Data listing |
• • • • • • •

definition surfX :: "real \<Rightarrow> real \<Rightarrow> real \<Rightarrow> (real \<Rightarrow> real) \<Rightarrow> (real \<Rightarrow> real) \<Rightarrow> complex \<Rightarrow> real^3" where
  "surfX l1 l2 K b x3 z = (let u = Re z; v = Im z in
     vector [
       1 / (l1^2 * l2) * ((1/l1) * cos (x3 v) * sin (b v) + (1/l2) * sin (x3 v) * cos (b v))
         * x3prime l1 l2 K b v * sinh (- l1 * u),
       1 / (l1^2 * l2) * ((1/l1) * sin (x3 v) * sin (b v) - (1/l2) * cos (x3 v) * cos (b v))
         * x3prime l1 l2 K b v * sinh (- l1 * u),
       x3 v])"

end

theory Submission
  imports Defs
begin

text \<open>Measure the horizontal components of vectors at a point with \<open>x3 = t\<close> in the coframe
  \<open>theta1 t, theta2 t\<close>. In these coordinates the metric is the constant diagonal form
  \<open>diag (l1\<^sup>2, l2\<^sup>2, 1 / (l1\<^sup>2 l2\<^sup>2))\<close> and the Christoffel symbols are constant, so everything is
  explicit. The surface is \<open>sinh (- l1 u)\<close> times a horizontal curve in these coordinates, lifted to
  height \<open>x3(v)\<close>. Conformality follows from \<open>cosh\<^sup>2 = sinh\<^sup>2 + 1\<close>; for a conformal map the mean
  curvature vector is a multiple of the normal part of the tension field
  \<open>X_uu + X_vv + \<Gamma>(X_u, X_u) + \<Gamma>(X_v, X_v)\<close>, which vanishes identically once the ODE for \<open>b\<close> is
  written as \<open>x3' (l1\<^sup>2 cos\<^sup>2 b + l2\<^sup>2 sin\<^sup>2 b) = l1 l2 (l1 - b')\<close>. The unit normal has frame
  components \<open>(cos b, sin b, - sinh (- l1 u)) / cosh (- l1 u)\<close>, whose stereographic projection is
  \<open>exp (- l1 u) exp (i b)\<close>. Smoothness holds because all coordinate functions lie in the algebra
  generated by finitely many functions, and this algebra is closed under partial differentiation.\<close>

section \<open>Frame coordinates\<close>

text \<open>At a point with third coordinate \<open>t\<close>, \<open>frame_vec t a b c\<close> has components
  \<open>l1 a, l2 b, c / (l1 l2)\<close> in the orthonormal frame \<open>E\<^sub>1, E\<^sub>2, E\<^sub>3\<close>.\<close>

definition frame_vec :: "real \<Rightarrow> real \<Rightarrow> real \<Rightarrow> real \<Rightarrow> real^3" where
  "frame_vec t a b c = vector [cos t * a - sin t * b, sin t * a + cos t * b, c]"

lemma frame_vec_nth [simp]:
  "frame_vec t a b c $ 1 = cos t * a - sin t * b"
  "frame_vec t a b c $ 2 = sin t * a + cos t * b"
  "frame_vec t a b c $ 3 = c"
  by (simp_all add: frame_vec_def)

lemma theta1_frame_vec [simp]: "theta1 t (frame_vec t a b c) = a"
  unfolding theta1_def frame_vec_nth using sin_cos_squared_add[of t] by algebra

• • • • • • •

What to work on | Look above for the line with "text \<open>At a"; retype exactly that line, every line after it up to the line with "frame \<open>E\<^sub>1, E\<^sub>2, E\<^sub>3\<close>.\<close>", and that line too, nothing else.

Answer below |
text \<open>At a point with third coordinate \<open>t\<close>, \<open>frame_vec t a b c\<close> has components
  \<open>l1 a, l2 b, c / (l1 l2)\<close> in the orthonormal frame \<open>E\<^sub>1, E\<^sub>2, E\<^sub>3\<close>.\<close>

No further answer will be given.